The system supports bio-hybrid growth control through adaptive LED arrays, modular robotic actuation, and ontology-driven knowledge, enabling dynamic plant–robot interaction in diverse environments.

A Botany-Bot is an integrated system at the intersection of robotics, machine learning, plant sciences, and multimodal data fusion, engineered for advanced plant phenotyping, taxonomy, habitat monitoring, and bio-hybrid growth control. Architectures under this umbrella range from digital twin creation via 3D vision and robot-manipulated imaging to field-deployable autonomous surveyors, ontology-driven knowledge systems, and bio-hybrid assemblies coupling plant tropisms with distributed robotic actuation. Botany-Bots leverage modular perception pipelines, learning-based control, and botanical domain knowledge to enable precise plant observation, classification, counting, and environment adaptation across laboratory and ecological field scenarios.

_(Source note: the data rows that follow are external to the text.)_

lemma form_jnorm_pullback_le:
  fixes f :: "'a::real_inner \<Rightarrow> 'b::euclidean_space"
  assumes j: "enat j \<le> r" and f: "map_norm k r f < \<infinity>" and \<omega>: "Bform k r \<omega>"
  shows "form_jnorm k j (pullback f \<omega>)
    \<le> ereal (real_of_ereal (map_norm k r f) * real_of_ereal (form_norm k r \<omega>))"
    (is "_ \<le> ereal (?M * ?W)")
proof -
  have Wj: "0 \<le> real_of_ereal (form_norm k j \<omega>)" "real_of_ereal (form_norm k j \<omega>) \<le> ?W"
    using form_norm_mono[OF j, of k \<omega>] \<omega> form_norm_nonneg[of k j \<omega>]
    by (auto simp: Bform_def real_of_ereal_pos intro: real_of_ereal_positive_mono)
  have \<omega>j: "Bform k j \<omega>"
    using \<omega> form_norm_mono[OF j, of k \<omega>] by (auto simp: Bform_def)
  have map_norm_eq: "map_norm k r f = ereal ?M"
    using f map_norm_nonneg[of k r f] by (cases "map_norm k r f") auto
  have M: "0 \<le> ?M"
    using map_norm_nonneg[of k r f] by (simp add: real_of_ereal_pos)
  have "\<bar>form_eval (pullback f \<omega>) (diff_cell U x ws)\<bar> \<le> ?M * ?W"
    if "length U = j" "length ws = k" "diff_cell_norm U ws = 1" for U x ws
  proof -
    have push: "chain_norm k j (push_chain f (diff_cell U x ws)) \<le> ereal ?M"
      using chain_norm_push_diff_cell_le_map_norm[where f = f and x = x, OF j that] map_norm_eq
      by simp
    have "\<bar>form_eval \<omega> (push_chain f (diff_cell U x ws))\<bar>
        \<le> ?M * real_of_ereal (form_norm k j \<omega>)"
      by (rule abs_form_eval_le[OF \<omega>j push])
    also have "\<dots> \<le> ?M * ?W"
      using Wj(2) M by (rule mult_left_mono)
    finally show ?thesis
      by (simp add: form_eval_pullback)
  qed
  then show ?thesis
    unfolding form_jnorm_def using Wj M by (intro Sup_least) auto
qed

lemma form_norm_pullback_le:
  fixes f :: "'a::real_inner \<Rightarrow> 'b::euclidean_space"
  assumes "map_norm k r f < \<infinity>" "Bform k r \<omega>"
  shows "form_norm k r (pullback f \<omega>)
    \<le> ereal (real_of_ereal (map_norm k r f) * real_of_ereal (form_norm k r \<omega>))"
  unfolding form_norm_def[of k r "pullback f \<omega>"] using form_jnorm_pullback_le[OF _ assms]
  by (intro SUP_least) simp

lemma Bform_pullback:
  fixes f :: "'a::real_inner \<Rightarrow> 'b::euclidean_space"
  assumes "\<And>x. f differentiable (at x)" "map_norm k r f < \<infinity>" "Bform k r \<omega>"
  shows "Bform k r (pullback f \<omega>)"
  using form_norm_pullback_le[OF assms(2,3)] is_kform_pullback[OF assms(1)] assms(3)
  by (auto simp: Bform_def intro: le_less_trans)

lemma form_eval_small_if_chain_norm_small:
  fixes \<omega> :: "'a::euclidean_space \<Rightarrow> 'a list \<Rightarrow> real"
  assumes \<omega>: "Bform k r \<omega>" and "0 < e"
  obtains \<delta> where "0 < \<delta>" "\<And>P :: 'a mchain. chain_norm k r P < ereal \<delta> \<Longrightarrow> \<bar>form_eval \<omega> P\<bar> < e"
proof -
  define N where "N = real_of_ereal (form_norm k r \<omega>)"
  have N: "0 \<le> N"
    by (simp add: N_def real_of_ereal_pos form_norm_nonneg)
  have "\<bar>form_eval \<omega> P\<bar> < e" if "chain_norm k r P < ereal (e / (N + 1))" for P :: "'a mchain"
  proof -
    have "\<bar>form_eval \<omega> P\<bar> \<le> e / (N + 1) * N"
      using that unfolding N_def by (intro abs_form_eval_le[OF \<omega>]) simp
    also have "\<dots> < e"
      using N \<open>0 < e\<close> by (simp add: field_simps)
    finally show ?thesis .
  qed
  moreover have "0 < e / (N + 1)"
    using N \<open>0 < e\<close> by simp
  ultimately show ?thesis
    using that by blast
qed

lemma Cauchy_form_eval:
  fixes \<omega> :: "'a::euclidean_space \<Rightarrow> 'a list \<Rightarrow> real"
  assumes \<omega>: "Bform k r \<omega>" and P: "chain_Cauchy k r P"
  shows "Cauchy (\<lambda>i. form_eval \<omega> (P i))"
proof (rule CauchyI)
  fix e :: real
  assume "0 < e"
  then obtain \<delta> where "0 < \<delta>" and small: "\<And>P. chain_norm k r P < ereal \<delta> \<Longrightarrow> \<bar>form_eval \<omega> P\<bar> < e"
    using form_eval_small_if_chain_norm_small[OF \<omega>] by blast
  then obtain M where "\<forall>m\<ge>M. \<forall>n\<ge>M. chain_norm k r (chain_diff (P m) (P n)) < ereal \<delta>"
    using P unfolding chain_Cauchy_def by blast
  then show "\<exists>M. \<forall>m\<ge>M. \<forall>n\<ge>M. norm (form_eval \<omega> (P m) - form_eval \<omega> (P n)) < e"
    using small by force
qed

lemma form_eval_tendsto_0:
  fixes \<omega> :: "'a::euclidean_space \<Rightarrow> 'a list \<Rightarrow> real"
  assumes \<omega>: "Bform k r \<omega>" and C: "(\<lambda>i. chain_norm k r (C i)) \<longlonglongrightarrow> 0"
  shows "(\<lambda>i. form_eval \<omega> (C i)) \<longlonglongrightarrow> 0"
proof (rule LIMSEQ_I)
  fix e :: real
  assume "0 < e"
  then obtain \<delta> where "0 < \<delta>" and small: "\<And>P. chain_norm k r P < ereal \<delta> \<Longrightarrow> \<bar>form_eval \<omega> P\<bar> < e"
    using form_eval_small_if_chain_norm_small[OF \<omega>] by blast
  have "\<forall>\<^sub>F i in sequentially. chain_norm k r (C i) < ereal \<delta>"
    by (rule order_tendstoD(2)[OF C]) (simp add: \<open>0 < \<delta>\<close>)
  then show "\<exists>M. \<forall>n\<ge>M. norm (form_eval \<omega> (C n) - 0) < e"
    using small by (auto simp: eventually_sequentially)
qed

theorem mainTheorem11:
  fixes f :: "'v::euclidean_space \<Rightarrow> 'w::euclidean_space"
    and r :: enat and k :: nat
    and \<omega> :: "'w \<Rightarrow> 'w list \<Rightarrow> real"
    and P :: "nat \<Rightarrow> 'v mchain" and Q :: "nat \<Rightarrow> 'w mchain"
  assumes "smooth_map f"
    and "map_norm k r f < \<infinity>"
    and "Bform k r \<omega>"
    and "chain_Cauchy k r P"
    and "\<forall>i. is_mchain k (Q i)"
    and "(\<lambda>i. chain_norm k r (chain_diff (Q i) (push_chain f (P i)))) \<longlonglongrightarrow> 0"
  shows "Bform k r (pullback f \<omega>) \<and>
         (\<exists>L. (\<lambda>i. form_eval (pullback f \<omega>) (P i)) \<longlonglongrightarrow> L \<and>
              (\<lambda>i. form_eval \<omega> (Q i)) \<longlonglongrightarrow> L)"
proof -
  have pull: "Bform k r (pullback f \<omega>)"
    using Bform_pullback[OF smooth_map_differentiable[OF assms(1)] assms(2,3)] .
  obtain L where L: "(\<lambda>i. form_eval (pullback f \<omega>) (P i)) \<longlonglongrightarrow> L"
    using Cauchy_form_eval[OF pull assms(4)] by (auto simp: Cauchy_convergent_iff convergent_def)
  have "(\<lambda>i. form_eval \<omega> (Q i) - form_eval (pullback f \<omega>) (P i)) \<longlonglongrightarrow> 0"
    using form_eval_tendsto_0[OF assms(3,6)] by (simp add: form_eval_pullback)
  from tendsto_add[OF this L] have "(\<lambda>i. form_eval \<omega> (Q i)) \<longlonglongrightarrow> L"
    by simp
  with pull L show ?thesis
    by blast
qed

end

1. Multimodal Classification and Taxonomy Embedding

Botany-Bots implement high-accuracy species identification by integrating visual, spatial, temporal, and ecological context through multimodal deep networks. Architectural blueprints draw from models such as "Digital Taxonomist," utilizing a late-fusion classifier where each modality—raw RGB image $\mathbf{I} \in \mathbb{R}^{3\times H \times W}$ , geolocation $(\text{longitude}, \text{latitude}, \text{altitude})$ , day-of-year $t$ , and (optionally) multispectral satellite patch $S \in \mathbb{R}^{B \times H' \times W'}$ —is encoded into a shared feature space via specialized branches (CNN for images, small MLPs for context) and fused at the logits level. Biological taxonomy is respected by computing posterior distributions at species-level and successively marginalizing over genus, family, and higher taxonomic ranks:

$p_i^{(l)} = \sum_{j \in \mathrm{children}(i)} p_j^{(l-1)},$

with a global loss

$\mathcal{L}_{\mathrm{hier}} = \sum_{l=0}^L \mathcal{L}_{\mathrm{CE}}(p^{(l)}, y^{(l)}).$

This structuring naturally supports cross-level query answering and penalizes taxonomic misclassifications appropriately.

Empirically, this strategy achieves top-1 per-species accuracy of 69.8% (vs. 62.5% for image-only), and similar gains at top-3/5 as well as macro-averaged precision/recall, when evaluated over nearly 1,000 Swiss species ( $C=977$ , 56,608 images) in stratified 5-fold CV (Lutio et al., 2021). Incorporating geo-temporal context and hierarchy-based marginalization both yield substantial accuracy improvement, particularly in long-tailed data distributions.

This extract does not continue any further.